В Малом Манеже открылась выставка народного художника России Василия Нестеренко. О его большом значении и специфике творческого метода размышлял ГРИГОРИЙ Ъ-РЕВЗИН.

Измученный авангардом критик жаждет реализма, и жажда его время от времени утоляется. Как вот в случае с Василием Игоревичем Нестеренко.

Это мастер реалистической живописи с большой буквы в самом главном виде, и притом талант и труженик. И он пишет так, что другим мастерам реалистической живописи в самом главном виде должно быть стыдно. На фоне Василия Игоревича видно, какой на самом деле символист и мистик Илья Глазунов. Какое сильнейшее влияние оказала парижская школа на Зураба Церетели. Как портит художника Шилова мелкотемье женских и детских портретов и камерная заглаженность лессировок. Василий Нестеренко на фоне своих духовных отцов стоит как раскидистый дуб в расцвете сил среди изъеденных вредителями и возрастом пожилых не дубов, а даже каких-то вязов.

Как молодой дуб, он стоит с 1994 года, когда закончил большую блестящую картину "Триумф российского флота" и защитил ее как диплом в Суриковском институте. Он написал сотни полотен и прославился многочисленными выставками как в Нью-Йорке (в основном в банках — Сити-банк, Национальный Вестминстерский банк), так и в Москве (в основном в присутственных местах — администрация президента, мэрия, патриаршее подворье). Его обожает Юрий Лужков, и он делал ему выставки уже и в Малом Манеже, и в Большом, и вот теперь опять в Малом, а потом, наверное, опять в Большом. По слухам, сам Владимир Путин тоже его то ли уже обожает, то ли собирается. По слухам опять же, в Москве уже скоро будет его музей, и опять где-нибудь рядом с ГМИИ имени Пушкина, который уже окружен музеями Глазунова и Шилова.

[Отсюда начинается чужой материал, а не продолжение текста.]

(* Under Assumptions 1 and 3, suppose $(\pi_n,Q_n)\to(\pi,Q)$ in $\mathcal S\times\mathcal Q_c$ and $\{\pi_n\}$ satisfies the uniform integrability condition $$\lim_{L\to\infty}\sup_{n\ge1}\int_{\{\|x\|^2\ge L\}}\|x\|^2\,\pi_n(dx)=0.$$ Then $c(\pi_n,Q_n)\to c(\pi,Q)$.
   Context: Assumption 1: the source is $x_{t+1}=f(x_t,w_t)$ with $f:\mathbb R^d\times\mathbb R^d\to\mathbb R^d$ Borel, $\{w_t\}$ i.i.d. and independent of $x_0\sim\pi_0$; for each $x$ the law of $f(x,w_0)$ has a density $\phi(\cdot|x)$ which is strictly positive everywhere, bounded by $C$ and $C_1$-Lipschitz, uniformly in $x$. Assumption 3: (i) $\|f(x,w)\|\le K(\|x\|+\|w\|)$ for some $K>0$; (ii) $\mathbb U=\mathbb R^d$ and $c_0(x,u)=\|x-u\|^2$; (iii) the law $\nu_w$ of $w_t$ satisfies $\int\|z\|^2\nu_w(dz)<\infty$; (iv) $\pi_0$ has a density with finite second moment or is a point mass. $\mathcal S$: probability measures on $\mathbb R^d$ with density bounded by $C$ and $C_1$-Lipschitz (weak = total variation topology). $\mathcal Q_c$: Borel maps $Q:\mathbb R^d\to\{1,\dots,M\}$ with all cells convex, topologized by: fix $P$ with strictly positive density, identify $Q,Q'$ if $PQ=PQ'$, and $Q_n\to Q$ iff $PQ_n\to PQ$ weakly, where $PQ(A\times\{i\})=P(A\cap Q^{-1}(i))$. Product topology on $\mathcal S\times\mathcal Q_c$. Cost: $c(\pi,Q)=\sum_{i=1}^M\inf_{u\in\mathbb R^d}\int_{Q^{-1}(i)}\|x-u\|^2\pi(dx)$. *)

theory Defs
  imports "HOL-Probability.Probability"
begin

definition in_S :: "real \<Rightarrow> real \<Rightarrow> 'a::euclidean_space measure \<Rightarrow> bool" where
  "in_S C C1 \<mu> \<longleftrightarrow> prob_space \<mu> \<and>
     (\<exists>g. g \<in> borel_measurable borel \<and> (\<forall>x. 0 \<le> g x \<and> g x \<le> C) \<and>
          C1-lipschitz_on UNIV g \<and> \<mu> = density lborel (\<lambda>x. ennreal (g x)))"

definition tv_dist :: "'a::euclidean_space measure \<Rightarrow> 'a measure \<Rightarrow> real" where
  "tv_dist \<mu> \<nu> = (SUP A \<in> sets borel. \<bar>measure \<mu> A - measure \<nu> A\<bar>)"

definition in_Qc :: "nat \<Rightarrow> ('a::euclidean_space \<Rightarrow> nat) \<Rightarrow> bool" where
  "in_Qc M Q \<longleftrightarrow> Q \<in> borel_measurable borel \<and> (\<forall>x. Q x \<in> {1..M}) \<and>
     (\<forall>i\<in>{1..M}. convex (Q -` {i}))"

definition pos_density_prob :: "'a::euclidean_space measure \<Rightarrow> bool" where
  "pos_density_prob P \<longleftrightarrow> prob_space P \<and>
     (\<exists>g. g \<in> borel_measurable borel \<and> (\<forall>x. 0 < g x) \<and> P = density lborel (\<lambda>x. ennreal (g x)))"

definition PQ :: "'a::euclidean_space measure \<Rightarrow> ('a \<Rightarrow> nat) \<Rightarrow> ('a \<times> nat) measure" where
  "PQ P Q = distr P borel (\<lambda>x. (x, Q x))"

definition weak_conv :: "(nat \<Rightarrow> 'b::topological_space measure) \<Rightarrow> 'b measure \<Rightarrow> bool" where
  "weak_conv \<mu>s \<mu> \<longleftrightarrow> (\<forall>h :: 'b \<Rightarrow> real. continuous_on UNIV h \<and> bounded (range h) \<longrightarrow>
     (\<lambda>n. \<integral>z. h z \<partial>\<mu>s n) \<longlonglongrightarrow> (\<integral>z. h z \<partial>\<mu>))"

definition Q_conv :: "'a::euclidean_space measure \<Rightarrow> (nat \<Rightarrow> 'a \<Rightarrow> nat) \<Rightarrow> ('a \<Rightarrow> nat) \<Rightarrow> bool" where
  "Q_conv P Qs Q \<longleftrightarrow> weak_conv (\<lambda>n. PQ P (Qs n)) (PQ P Q)"

definition cost :: "nat \<Rightarrow> 'a::euclidean_space measure \<Rightarrow> ('a \<Rightarrow> nat) \<Rightarrow> ennreal" where
  "cost M \<pi> Q = (\<Sum>i\<in>{1..M}. INF u. \<integral>\<^sup>+x\<in>Q -` {i}. ennreal ((norm (x - u))\<^sup>2) \<partial>\<pi>)"

end

theory Submission
  imports Defs
begin

text \<open>Write \<open>\<pi>\<^sub>n = g\<^sub>n dx\<close>, \<open>\<pi> = g dx\<close>. Total variation convergence is \<open>L\<^sup>1\<close> convergence
  \<open>g\<^sub>n \<rightarrow> g\<close>, and the uniform integrability of \<open>\<parallel>x\<parallel>\<^sup>2\<close> upgrades it to convergence in
  \<open>L\<^sup>1((1 + \<parallel>x\<parallel>\<^sup>2) dx)\<close>. Weak convergence of \<open>PQ\<^sub>n\<close> forces \<open>P\<close>-measure of the symmetric
  difference of the \<open>i\<close>-th cells of \<open>Q\<^sub>n\<close> and \<open>Q\<close> to vanish: test functions supported in the
  interior resp. exterior of the convex cell of \<open>Q\<close> control everything except its frontier,
  which is Lebesgue-null. Since \<open>P\<close> has a strictly positive density, the symmetric differences
  are then also negligible for the weight \<open>(1 + \<parallel>x\<parallel>\<^sup>2) g\<close>, so the restricted densities
  \<open>1\<^bsub>cell\<^esub> g\<^sub>n\<close> converge in \<open>L\<^sup>1((1 + \<parallel>x\<parallel>\<^sup>2) dx)\<close>. Hence \<open>u \<mapsto> \<integral>\<^bsub>cell\<^esub> \<parallel>x - u\<parallel>\<^sup>2 \<pi>\<^sub>n(dx)\<close>
  converges locally uniformly and is uniformly coercive, so its infimum converges.\<close>

definition prob_density :: "('a::euclidean_space \<Rightarrow> real) \<Rightarrow> bool" where
  "prob_density g \<longleftrightarrow> g \<in> borel_measurable borel \<and> (\<forall>x. 0 \<le> g x) \<and> integrable lborel g \<and>
     (\<integral>x. g x \<partial>lborel) = 1"

lemma prob_space_density_of_prob_density:
  assumes "prob_density g"
  shows "prob_space (density lborel (\<lambda>x. ennreal (g x)))"
proof
  have "(\<integral>\<^sup>+x. ennreal (g x) \<partial>lborel) = ennreal (\<integral>x. g x \<partial>lborel)"
    using assms by (intro nn_integral_eq_integral) (auto simp: prob_density_def)
  then show "emeasure (density lborel (\<lambda>x. ennreal (g x))) (space (density lborel (\<lambda>x. ennreal (g x)))) = 1"
    using assms by (simp add: emeasure_density prob_density_def)
qed

lemma in_S_obtain_prob_density:
  assumes "in_S C C1 \<mu>"
  obtains g where "prob_density g" "\<mu> = density lborel (\<lambda>x. ennreal (g x))"
proof -
  from assms obtain g where g: "g \<in> borel_measurable borel" "\<forall>x. 0 \<le> g x"
      "\<mu> = density lborel (\<lambda>x. ennreal (g x))" and ps: "prob_space \<mu>"
    unfolding in_S_def by blast
  have n: "(\<integral>\<^sup>+x. ennreal (g x) \<partial>lborel) = 1"
    using prob_space.emeasure_space_1[OF ps] g by (simp add: emeasure_density)
  have i: "integrable lborel g"
    using n g by (intro integrableI_nonneg) auto
  have "ennreal (\<integral>x. g x \<partial>lborel) = 1"
    using n g i by (subst nn_integral_eq_integral[symmetric]) auto
  with g i show ?thesis by (intro that) (auto simp: prob_density_def)
qed

lemma pos_density_prob_obtain_density:
  assumes "pos_density_prob P"
  obtains p where "p \<in> borel_measurable borel" "\<And>x. 0 < p x" "integrable lborel p"
    "P = density lborel (\<lambda>x. ennreal (p x))"
proof -
  from assms obtain p where p: "p \<in> borel_measurable borel" "\<forall>x. 0 < p x"
      "P = density lborel (\<lambda>x. ennreal (p x))" and ps: "prob_space P"
    unfolding pos_density_prob_def by blast
  have "(\<integral>\<^sup>+x. ennreal (p x) \<partial>lborel) = 1"
    using prob_space.emeasure_space_1[OF ps] p by (simp add: emeasure_density)
  then have "integrable lborel p"
    using p by (intro integrableI_nonneg) (auto simp: less_imp_le)
  with p show ?thesis by (intro that) auto
qed

lemma measure_density_eq_integral:
  fixes g :: "'a::euclidean_space \<Rightarrow> real"
  assumes "g \<in> borel_measurable borel" "\<And>x. 0 \<le> g x" "integrable lborel g" "A \<in> sets borel"
  shows "measure (density lborel (\<lambda>x. ennreal (g x))) A = (\<integral>x. indicator A x * g x \<partial>lborel)"
proof -
  have "emeasure (density lborel (\<lambda>x. ennreal (g x))) A
      = (\<integral>\<^sup>+x. ennreal (indicator A x * g x) \<partial>lborel)"
    using assms by (subst emeasure_density)
      (auto intro!: nn_integral_cong simp: ennreal_mult' mult.commute split: split_indicator)
  also have "\<dots> = ennreal (\<integral>x. indicator A x * g x \<partial>lborel)"
    using assms integrable_mult_indicator[of A lborel g] by (intro nn_integral_eq_integral) auto
  finally show ?thesis unfolding measure_def using assms by (simp add: integral_nonneg)
qed

lemma set_nn_integral_density_eq_integral:
  fixes f g :: "'a::euclidean_space \<Rightarrow> real"
  assumes "f \<in> borel_measurable borel" "\<And>x. 0 \<le> f x"
    and "g \<in> borel_measurable borel" "\<And>x. 0 \<le> g x"
    and "A \<in> sets borel" "integrable lborel (\<lambda>x. f x * g x)"
  shows "(\<integral>\<^sup>+x\<in>A. ennreal (f x) \<partial>density lborel (\<lambda>x. ennreal (g x)))
    = ennreal (\<integral>x. indicator A x * (f x * g x) \<partial>lborel)"
proof -
  have "(\<integral>\<^sup>+x\<in>A. ennreal (f x) \<partial>density lborel (\<lambda>x. ennreal (g x)))
      = (\<integral>\<^sup>+x. ennreal (g x) * (ennreal (f x) * indicator A x) \<partial>lborel)"
    using assms(1-5) by (subst nn_integral_density) auto
  also have "\<dots> = (\<integral>\<^sup>+x. ennreal (indicator A x * (f x * g x)) \<partial>lborel)"
    using assms(2,4) by (intro nn_integral_cong)
      (auto simp: indicator_def ennreal_mult'[symmetric] mult.commute)
  also have "\<dots> = ennreal (\<integral>x. indicator A x * (f x * g x) \<partial>lborel)"
    using assms integrable_mult_indicator[of A lborel "\<lambda>x. f x * g x"]
    by (intro nn_integral_eq_integral) auto
  finally show ?thesis .
qed

lemma L1_dist_le_tv_dist:
  fixes g h :: "'a::euclidean_space \<Rightarrow> real"
  assumes g: "prob_density g" and h: "prob_density h"
  shows "(\<integral>x. \<bar>g x - h x\<bar> \<partial>lborel)
    \<le> 2 * tv_dist (density lborel (\<lambda>x. ennreal (g x))) (density lborel (\<lambda>x. ennreal (h x)))"
proof -
  let ?\<mu> = "density lborel (\<lambda>x. ennreal (g x))" and ?\<nu> = "density lborel (\<lambda>x. ennreal (h x))"
  note gd = g[unfolded prob_density_def] and hd = h[unfolded prob_density_def]
  define A where "A = {x. h x \<le> g x}"
  from gd hd have "g \<in> borel_measurable borel" "h \<in> borel_measurable borel" by auto
  then have A: "A \<in> sets borel" unfolding A_def by measurable
  have iA: "integrable lborel (\<lambda>x. indicator A x * g x)" "integrable lborel (\<lambda>x. indicator A x * h x)"
    using integrable_mult_indicator[of A lborel g] integrable_mult_indicator[of A lborel h] A gd hd
    by auto
  have "\<bar>g x - h x\<bar> = 2 * (indicator A x * g x - indicator A x * h x) - (g x - h x)" for x
    by (auto simp: A_def indicator_def)
  then have "(\<integral>x. \<bar>g x - h x\<bar> \<partial>lborel)
      = 2 * ((\<integral>x. indicator A x * g x \<partial>lborel) - (\<integral>x. indicator A x * h x \<partial>lborel))
        - ((\<integral>x. g x \<partial>lborel) - (\<integral>x. h x \<partial>lborel))"
    using iA gd hd by (simp add: integral_diff)
  also have "\<dots> = 2 * (measure ?\<mu> A - measure ?\<nu> A)"
    using gd hd A by (simp add: measure_density_eq_integral)
  also have "\<dots> \<le> 2 * tv_dist ?\<mu> ?\<nu>"
  proof -
    have "bdd_above ((\<lambda>A. \<bar>measure ?\<mu> A - measure ?\<nu> A\<bar>) ` sets borel)"
      using prob_space.prob_le_1[OF prob_space_density_of_prob_density[OF g]]
        prob_space.prob_le_1[OF prob_space_density_of_prob_density[OF h]]
      by (intro bdd_aboveI[where M=1]) (auto simp: abs_le_iff, (smt (verit) measure_nonneg)+)
    then have "\<bar>measure ?\<mu> A - measure ?\<nu> A\<bar> \<le> tv_dist ?\<mu> ?\<nu>"
      unfolding tv_dist_def by (rule cSUP_upper[OF A])
    then show ?thesis by simp
  qed
  finally show ?thesis .
qed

Вот такой замечательный народный художник России, и на новой его выставке поразительно раскрывается единство творчества мастера в его разнообразии. Много пейзажей, но без исторической и в особенности духоподъемной живописи они совсем не смотрятся. Дело не в том, что они написаны немного наскоро, в заграничных командировках. Простительная этюдность вызвана командировочным цейтнотом, когда каждый день ест валюту, и это понятно, и не в ней дело. Дело в том, что за границей художник не ликует, и, несмотря на этюдную свободу, морские или речные в основном сюжеты, краски какие-то жухлые, тоскливые, мажутся иной раз будто не туда, мимо, потому что мастерство есть, но душа не поет без родины.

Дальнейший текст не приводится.